Department of General and Hepatobiliary Surgery, Liver Transplantation Service, Ghent University Hospital and Medical School, Ghent, Belgium.
Liver Transpl. 2011 Jul;17(7):836-48. doi: 10.1002/lt.22295.
The portal vein flow (PVF), portal vein pressure (PVP), and hepatic venous pressure gradient (HVPG) were prospectively assessed to explore their relationships and to better define hyperflow and portal hypertension (PHT) during liver transplantation (LT). Eighty-one LT procedures were analyzed. No correlation between PVF and PVP was observed. Increases in the central venous pressure (CVP) were transmitted to the PVP (58%, range = 25%-91%, P = 0.001). Severe PHT (HVPG ≥ 15 mm Hg) showed a significant reciprocal association with high PVF (P = 0.023) and lower graft survival (P = 0.04). According to this initial experience, an HVPG value ≥ 15 mm Hg is a promising tool for the evaluation of hemodynamic stress potentially influencing outcomes. An algorithm for graft inflow modulation based on flows, gradients, and systemic hemodynamics is provided. In conclusion, the evaluation of PHT severity with PVP could be delusive because of the influence of CVP. PVF and PVP do not correlate and should not be used individually to assess hyperflow and PHT during LT.
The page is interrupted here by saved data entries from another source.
(* Let $M$ be a score distribution model with non-negative weights ($w_M(j,k)\ge 0$ for all $j,k$). Let $s_1,s_2$ be road segments with $s_1.\mathit{lb} > s_2.\mathit{ub}$. Then $s_2$ does not contain an optimal subsegment (indeed, no network point of $s_2$ has maximal score $\mathit{score}_M$ over all network points).
   Context: A road network is a directed graph $G=(V,E)$ embedded in the plane: each vertex $v$ has a location $\mathit{loc}(v)\in\mathbb{R}^2$, and each edge $e=(v_i,v_j)$ has length $\|e\|$ equal to the Euclidean distance between its endpoints. A network point is a pair $p=(\mathit{eid},d)$ where $\mathit{eid}$ identifies an edge $e=(v_i,v_j)$ and $d\in[0,1]$ is the ratio of the distance from $v_i$ to the point to $\|e\|$; $P$ is the set of all network points. A road segment is a sequence $\langle p_1,\dots,p_n\rangle$, $n\ge 2$, with $p_1,p_n\in P$, $p_2,\dots,p_{n-1}\in V$, $p_1,p_2$ on the same edge, $p_{n-1},p_n$ on the same edge, and consecutive interior vertices joined by edges; a segment is identified with the set of network points it passes through, and $S$ is the set of segments. A facility $f$ is located at a network point $f.p$. A route usage object $\mathit{ro}=(\mathit{rid},r,\mathit{count},\langle \mathit{usage}_1,\dots,\mathit{usage}_{\mathit{count}}\rangle)$ has a route $r$ which is a road segment. A route $r$ covers a segment $s'$ if every point of $s'$ lies on $r$, and intersects $s'$ if some point of $s'$ lies on $r$; $s'.C$ (resp. $s'.I$) is the set of route usage objects whose routes cover (resp. intersect) $s'$. For a threshold $\delta>0$, a facility $f$ attracts $r$ if the shortest network distance from $f.p$ to $r$ is at most $\delta$. Each route has a score $\mathit{score}(r)\ge0$. A score distribution model $M$: the facilities attracting $r$ partition $r$ into $k$ consecutive subsegments and the $j$-th receives $w_M(j,k)\,\mathit{score}(r)$. The score $\mathit{score}_M(p)$ of a network point $p$ is the sum over all route usage objects whose route contains $p$ of the amount assigned by $M$ to the subsegment of that route containing $p$. For a segment $s$ and route $r_i$ intersecting $s$, $w_M(j_i,k_i)$ denotes the fraction of $\mathit{score}(r_i)$ that $M$ assigns to the $j_i$-th of the $k_i$ subsegments of $r_i$, the one in which $s$ lies. Then $s.\mathit{lb}=\sum_{r_i\in s.C} w_M(j_i,k_i)\mathit{score}(r_i)$ and $s.\mathit{ub}=\sum_{r_i\in s.I} w_M(j_i,k_i)\mathit{score}(r_i)$ (if $s$ meets several subsegments of a route because facilities lie on $s$, the lower bound takes the smallest and the upper bound the largest of these values). An optimal segment is a segment $s_{\mathit{opt}}$ such that (1) all points of $s_{\mathit{opt}}$ have the same $\mathit{score}_M$; (2) for all $p\in s_{\mathit{opt}}$ and $p'\in P$, $\mathit{score}_M(p')\le\mathit{score}_M(p)$; (3) there is no segment $s'\in S$ with $s_{\mathit{opt}}\subset s'$ satisfying (1) and (2). An optimal subsegment is a subsegment of an optimal segment. *)

theory Defs
  imports Complex_Main
begin

text \<open>Road network: directed graph with edge set E (edges of type 'e), endpoints
  src e and tgt e (vertices of type 'v).  The planar embedding only determines edge
  lengths, which do not enter the statement.\<close>

type_synonym 'e npoint = "'e \<times> real"

definition netpoints :: "'e set \<Rightarrow> 'e npoint set" where
  "netpoints E = {(e, d). e \<in> E \<and> 0 \<le> d \<and> d \<le> 1}"

text \<open>Canonical location of a network point: a point at ratio 0 or 1 of an edge is the
  corresponding vertex (so vertices shared by several edges are identified).\<close>
datatype ('v, 'e) nloc = AtV 'v | OnE 'e real

definition canon :: "('e \<Rightarrow> 'v) \<Rightarrow> ('e \<Rightarrow> 'v) \<Rightarrow> 'e npoint \<Rightarrow> ('v, 'e) nloc" where
  "canon src tgt p = (if snd p = 0 then AtV (src (fst p))
                      else if snd p = 1 then AtV (tgt (fst p)) else OnE (fst p) (snd p))"

text \<open>A road segment \<open><p1, v2, ..., v(n-1), pn>\<close> is represented by the list of edges it
  traverses (in order, consecutive edges sharing the interior vertices), the ratio ds of
  p1 on the first edge and the ratio de of pn on the last edge.  n = length es + 1 \<ge> 2.\<close>
type_synonym 'e segment = "real \<times> 'e list \<times> real"

definition is_segment :: "'e set \<Rightarrow> ('e \<Rightarrow> 'v) \<Rightarrow> ('e \<Rightarrow> 'v) \<Rightarrow> 'e segment \<Rightarrow> bool" where
  "is_segment E src tgt s = (case s of (ds, es, de) \<Rightarrow>
      es \<noteq> [] \<and> set es \<subseteq> E \<and> 0 \<le> ds \<and> ds \<le> 1 \<and> 0 \<le> de \<and> de \<le> 1 \<and>
      (\<forall>i. Suc i < length es \<longrightarrow> tgt (es ! i) = src (es ! Suc i)) \<and>
      (length es = 1 \<longrightarrow> ds \<le> de))"

definition segset :: "('e \<Rightarrow> 'v) \<Rightarrow> ('e \<Rightarrow> 'v) \<Rightarrow> 'e segment \<Rightarrow> ('v, 'e) nloc set" where
  "segset src tgt s = canon src tgt ` (case s of (ds, es, de) \<Rightarrow>
      (if length es = 1 then {(hd es, d) | d. ds \<le> d \<and> d \<le> de}
       else {(hd es, d) | d. ds \<le> d \<and> d \<le> 1}
          \<union> {(e, d) | e d. e \<in> set (butlast (tl es)) \<and> 0 \<le> d \<and> d \<le> 1}
          \<union> {(last es, d) | d. 0 \<le> d \<and> d \<le> de}))"

text \<open>Score distribution: R is the finite set of route usage objects, rs ro the point set
  of the route of ro, sc ro = score(route ro), kk ro = number k of subsegments of the
  route, idx ro x = index j of the subsegment of the route containing x, w = w_M.\<close>

definition scoreM :: "'r set \<Rightarrow> ('r \<Rightarrow> 'l set) \<Rightarrow> ('r \<Rightarrow> real) \<Rightarrow> (nat \<Rightarrow> nat \<Rightarrow> real)
    \<Rightarrow> ('r \<Rightarrow> nat) \<Rightarrow> ('r \<Rightarrow> 'l \<Rightarrow> nat) \<Rightarrow> 'l \<Rightarrow> real" where
  "scoreM R rs sc w kk idx x =
     (\<Sum>ro\<in>{ro\<in>R. x \<in> rs ro}. w (idx ro x) (kk ro) * sc ro)"

definition seg_lb :: "'r set \<Rightarrow> ('r \<Rightarrow> 'l set) \<Rightarrow> ('r \<Rightarrow> real) \<Rightarrow> (nat \<Rightarrow> nat \<Rightarrow> real)
    \<Rightarrow> ('r \<Rightarrow> nat) \<Rightarrow> ('r \<Rightarrow> 'l \<Rightarrow> nat) \<Rightarrow> 'l set \<Rightarrow> real" where
  "seg_lb R rs sc w kk idx S =
     (\<Sum>ro\<in>{ro\<in>R. S \<subseteq> rs ro}. (INF x\<in>S. w (idx ro x) (kk ro) * sc ro))"

definition seg_ub :: "'r set \<Rightarrow> ('r \<Rightarrow> 'l set) \<Rightarrow> ('r \<Rightarrow> real) \<Rightarrow> (nat \<Rightarrow> nat \<Rightarrow> real)
    \<Rightarrow> ('r \<Rightarrow> nat) \<Rightarrow> ('r \<Rightarrow> 'l \<Rightarrow> nat) \<Rightarrow> 'l set \<Rightarrow> real" where
  "seg_ub R rs sc w kk idx S =
     (\<Sum>ro\<in>{ro\<in>R. S \<inter> rs ro \<noteq> {}}. (SUP x\<in>S \<inter> rs ro. w (idx ro x) (kk ro) * sc ro))"

definition max_const_score ::
    "'e set \<Rightarrow> ('e \<Rightarrow> 'v) \<Rightarrow> ('e \<Rightarrow> 'v) \<Rightarrow> (('v, 'e) nloc \<Rightarrow> real) \<Rightarrow> 'e segment \<Rightarrow> bool" where
  "max_const_score E src tgt score s =
     ((\<forall>x\<in>segset src tgt s. \<forall>y\<in>segset src tgt s. score x = score y) \<and>
      (\<forall>x\<in>segset src tgt s. \<forall>p\<in>netpoints E. score (canon src tgt p) \<le> score x))"

definition optimal_segment ::
    "'e set \<Rightarrow> ('e \<Rightarrow> 'v) \<Rightarrow> ('e \<Rightarrow> 'v) \<Rightarrow> (('v, 'e) nloc \<Rightarrow> real) \<Rightarrow> 'e segment \<Rightarrow> bool" where
  "optimal_segment E src tgt score s =
     (is_segment E src tgt s \<and> max_const_score E src tgt score s \<and>
      \<not> (\<exists>s'. is_segment E src tgt s' \<and> segset src tgt s \<subset> segset src tgt s' \<and>
              max_const_score E src tgt score s'))"

definition optimal_subsegment ::
    "'e set \<Rightarrow> ('e \<Rightarrow> 'v) \<Rightarrow> ('e \<Rightarrow> 'v) \<Rightarrow> (('v, 'e) nloc \<Rightarrow> real) \<Rightarrow> 'e segment \<Rightarrow> bool" where
  "optimal_subsegment E src tgt score t =
     (is_segment E src tgt t \<and>
      (\<exists>s. optimal_segment E src tgt score s \<and> segset src tgt t \<subseteq> segset src tgt s))"

end

theory Submission
  imports Defs
begin

text \<open>Non-negative weights make the lower bound of \<open>s\<^sub>1\<close> a lower bound for the score of
  each of its points (routes only covering \<open>s\<^sub>1\<close> are dropped, and each remaining term is an
  infimum over \<open>s\<^sub>1\<close>), while the upper bound of \<open>s\<^sub>2\<close> bounds the score of each of its points
  from above.  Since \<open>s\<^sub>1\<close> contains a network point, every point of \<open>s\<^sub>2\<close> scores strictly less
  than some network point, whereas optimal subsegments consist of maximal points.\<close>

lemma segment_contains_netpoint:
  assumes "is_segment E src tgt s"
  shows "\<exists>p\<in>netpoints E. canon src tgt p \<in> segset src tgt s"
proof -
  obtain ds es de where s: "s = (ds, es, de)" by (cases s)
  from assms have h: "es \<noteq> []" "set es \<subseteq> E" "0 \<le> ds" "ds \<le> 1" "length es = 1 \<longrightarrow> ds \<le> de"
    unfolding is_segment_def s by auto
  then have "(hd es, ds) \<in> netpoints E"
    unfolding netpoints_def by auto
  moreover have "canon src tgt (hd es, ds) \<in> segset src tgt s"
    unfolding segset_def s using h by (auto intro!: imageI)
  ultimately show ?thesis by blast
qed

lemma optimal_subsegment_contains_maximum:
  assumes "optimal_subsegment E src tgt score t"
  shows "\<exists>x\<in>segset src tgt t. \<forall>p\<in>netpoints E. score (canon src tgt p) \<le> score x"
proof -
  from assms obtain s where t: "is_segment E src tgt t"
    and s: "optimal_segment E src tgt score s" and ts: "segset src tgt t \<subseteq> segset src tgt s"
    unfolding optimal_subsegment_def by blast
  obtain q where "canon src tgt q \<in> segset src tgt t"
    using segment_contains_netpoint[OF t] by blast
  with s ts show ?thesis
    unfolding optimal_segment_def max_const_score_def by blast
qed

lemma seg_lb_le_scoreM:
  assumes "finite R" and "\<forall>ro\<in>R. sc ro \<ge> 0" and "\<forall>j k. w j k \<ge> 0" and "y \<in> S"
  shows "seg_lb R rs sc w kk idx S \<le> scoreM R rs sc w kk idx y"
proof -
  have "seg_lb R rs sc w kk idx S \<le> (\<Sum>ro\<in>{ro\<in>R. S \<subseteq> rs ro}. w (idx ro y) (kk ro) * sc ro)"
    unfolding seg_lb_def
  proof (rule sum_mono)
    fix ro assume "ro \<in> {ro\<in>R. S \<subseteq> rs ro}"
    with assms(2,3) have "bdd_below ((\<lambda>x. w (idx ro x) (kk ro) * sc ro) ` S)"
      by (intro bdd_belowI2[of _ 0]) auto
    then show "(INF x\<in>S. w (idx ro x) (kk ro) * sc ro) \<le> w (idx ro y) (kk ro) * sc ro"
      using \<open>y \<in> S\<close> by (rule cINF_lower)
  qed
  also have "\<dots> \<le> scoreM R rs sc w kk idx y"
    unfolding scoreM_def by (rule sum_mono2) (use assms in auto)
  finally show ?thesis .
qed

lemma route_weight_le_SUP:
  fixes w :: "nat \<Rightarrow> nat \<Rightarrow> real"
  assumes "\<forall>x\<in>rs ro. 1 \<le> idx ro x \<and> idx ro x \<le> kk ro" and "y \<in> S \<inter> rs ro"
  shows "w (idx ro y) (kk ro) * sc ro \<le> (SUP x\<in>S \<inter> rs ro. w (idx ro x) (kk ro) * sc ro)"
proof -
  have "(\<lambda>x. w (idx ro x) (kk ro) * sc ro) ` (S \<inter> rs ro) \<subseteq> (\<lambda>j. w j (kk ro) * sc ro) ` {1..kk ro}"
    using assms(1) by auto
  then have "bdd_above ((\<lambda>x. w (idx ro x) (kk ro) * sc ro) ` (S \<inter> rs ro))"
    by (meson bdd_above_mono finite_atLeastAtMost finite_imageI bdd_above_finite)
  with assms(2) show ?thesis by (rule cSUP_upper)
qed

lemma scoreM_le_seg_ub:
  assumes "finite R" and sc: "\<forall>ro\<in>R. sc ro \<ge> 0" and w: "\<forall>j k. w j k \<ge> 0"
    and idx: "\<forall>ro\<in>R. \<forall>x\<in>rs ro. 1 \<le> idx ro x \<and> idx ro x \<le> kk ro"
    and "x \<in> S"
  shows "scoreM R rs sc w kk idx x \<le> seg_ub R rs sc w kk idx S"
proof -
  have "scoreM R rs sc w kk idx x
      \<le> (\<Sum>ro\<in>{ro\<in>R. x \<in> rs ro}. (SUP y\<in>S \<inter> rs ro. w (idx ro y) (kk ro) * sc ro))"
    unfolding scoreM_def using idx \<open>x \<in> S\<close> by (intro sum_mono route_weight_le_SUP) auto
  also have "\<dots> \<le> seg_ub R rs sc w kk idx S"
    unfolding seg_ub_def
  proof (rule sum_mono2)
    show "finite {ro \<in> R. S \<inter> rs ro \<noteq> {}}" using \<open>finite R\<close> by auto
    show "{ro \<in> R. x \<in> rs ro} \<subseteq> {ro \<in> R. S \<inter> rs ro \<noteq> {}}" using \<open>x \<in> S\<close> by auto
    fix ro assume ro: "ro \<in> {ro \<in> R. S \<inter> rs ro \<noteq> {}} - {ro \<in> R. x \<in> rs ro}"
    then obtain z where z: "z \<in> S \<inter> rs ro" by auto
    have "0 \<le> w (idx ro z) (kk ro) * sc ro" using w sc ro by auto
    also have "\<dots> \<le> (SUP y\<in>S \<inter> rs ro. w (idx ro y) (kk ro) * sc ro)"
      using idx ro z by (intro route_weight_le_SUP) auto
    finally show "0 \<le> (SUP y\<in>S \<inter> rs ro. w (idx ro y) (kk ro) * sc ro)" .
  qed
  finally show ?thesis .
qed

theorem lemma3:
  fixes E :: "'e set" and src tgt :: "'e \<Rightarrow> 'v"
    and R :: "'r set" and route :: "'r \<Rightarrow> 'e segment" and sc :: "'r \<Rightarrow> real"
    and w :: "nat \<Rightarrow> nat \<Rightarrow> real" and kk :: "'r \<Rightarrow> nat"
    and idx :: "'r \<Rightarrow> ('v, 'e) nloc \<Rightarrow> nat"
    and s1 s2 :: "'e segment"
  defines "rs \<equiv> (\<lambda>ro. segset src tgt (route ro))"
  assumes finR: "finite R"
    and routes: "\<forall>ro\<in>R. is_segment E src tgt (route ro)"
    and score_nonneg: "\<forall>ro\<in>R. sc ro \<ge> 0"
    and idx_range: "\<forall>ro\<in>R. \<forall>x\<in>rs ro. 1 \<le> idx ro x \<and> idx ro x \<le> kk ro"
    and w_nonneg: "\<forall>j k. w j k \<ge> 0"
    and s1: "is_segment E src tgt s1" and s2: "is_segment E src tgt s2"
    and bound: "seg_lb R rs sc w kk idx (segset src tgt s1)
                  > seg_ub R rs sc w kk idx (segset src tgt s2)"
  shows "\<not> (\<exists>t. optimal_subsegment E src tgt (scoreM R rs sc w kk idx) t
               \<and> segset src tgt t \<subseteq> segset src tgt s2)
       \<and> \<not> (\<exists>x\<in>segset src tgt s2. \<forall>p\<in>netpoints E.
               scoreM R rs sc w kk idx (canon src tgt p) \<le> scoreM R rs sc w kk idx x)"
proof -
  let ?score = "scoreM R rs sc w kk idx"
  obtain p where p: "p \<in> netpoints E" "canon src tgt p \<in> segset src tgt s1"
    using segment_contains_netpoint[OF s1] by blast
  have no_maximum: "\<not> (\<exists>x\<in>segset src tgt s2. \<forall>p\<in>netpoints E. ?score (canon src tgt p) \<le> ?score x)"
  proof
    assume "\<exists>x\<in>segset src tgt s2. \<forall>p\<in>netpoints E. ?score (canon src tgt p) \<le> ?score x"
    then obtain x where "x \<in> segset src tgt s2" "?score (canon src tgt p) \<le> ?score x"
      using p(1) by blast
    moreover have "seg_lb R rs sc w kk idx (segset src tgt s1) \<le> ?score (canon src tgt p)"
      using finR score_nonneg w_nonneg p(2) by (rule seg_lb_le_scoreM)
    moreover have "?score x \<le> seg_ub R rs sc w kk idx (segset src tgt s2)"
      using finR score_nonneg w_nonneg idx_range \<open>x \<in> segset src tgt s2\<close> by (rule scoreM_le_seg_ub)
    ultimately show False using bound by linarith
  qed
  moreover have "\<not> (\<exists>t. optimal_subsegment E src tgt ?score t \<and> segset src tgt t \<subseteq> segset src tgt s2)"
    using optimal_subsegment_contains_maximum no_maximum by blast
  ultimately show ?thesis by blast
qed

end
门静脉血流(PVF)、门静脉压力(PVP)和肝静脉压力梯度(HVPG)被前瞻性评估,以探讨它们之间的关系,并在肝移植(LT)期间更好地定义高流量和门静脉高压(PHT)。分析了 81 例 LT 手术。PVF 与 PVP 之间没有相关性。中心静脉压(CVP)的增加会传递到 PVP(58%,范围=25%-91%,P=0.001)。严重的 PHT(HVPG≥15mmHg)与高 PVF(P=0.023)和较低的移植物存活率(P=0.04)呈显著的相互关联。根据这一初步经验,HVPG 值≥15mmHg 是评估潜在影响结果的血流动力学应激的有前途的工具。提供了一种基于流量、梯度和全身血液动力学的移植物流入调节算法。总之,由于 CVP 的影响,使用 PVP 评估 PHT 严重程度可能具有欺骗性。PVF 和 PVP 之间没有相关性,不应单独用于评估 LT 期间的高流量和 PHT。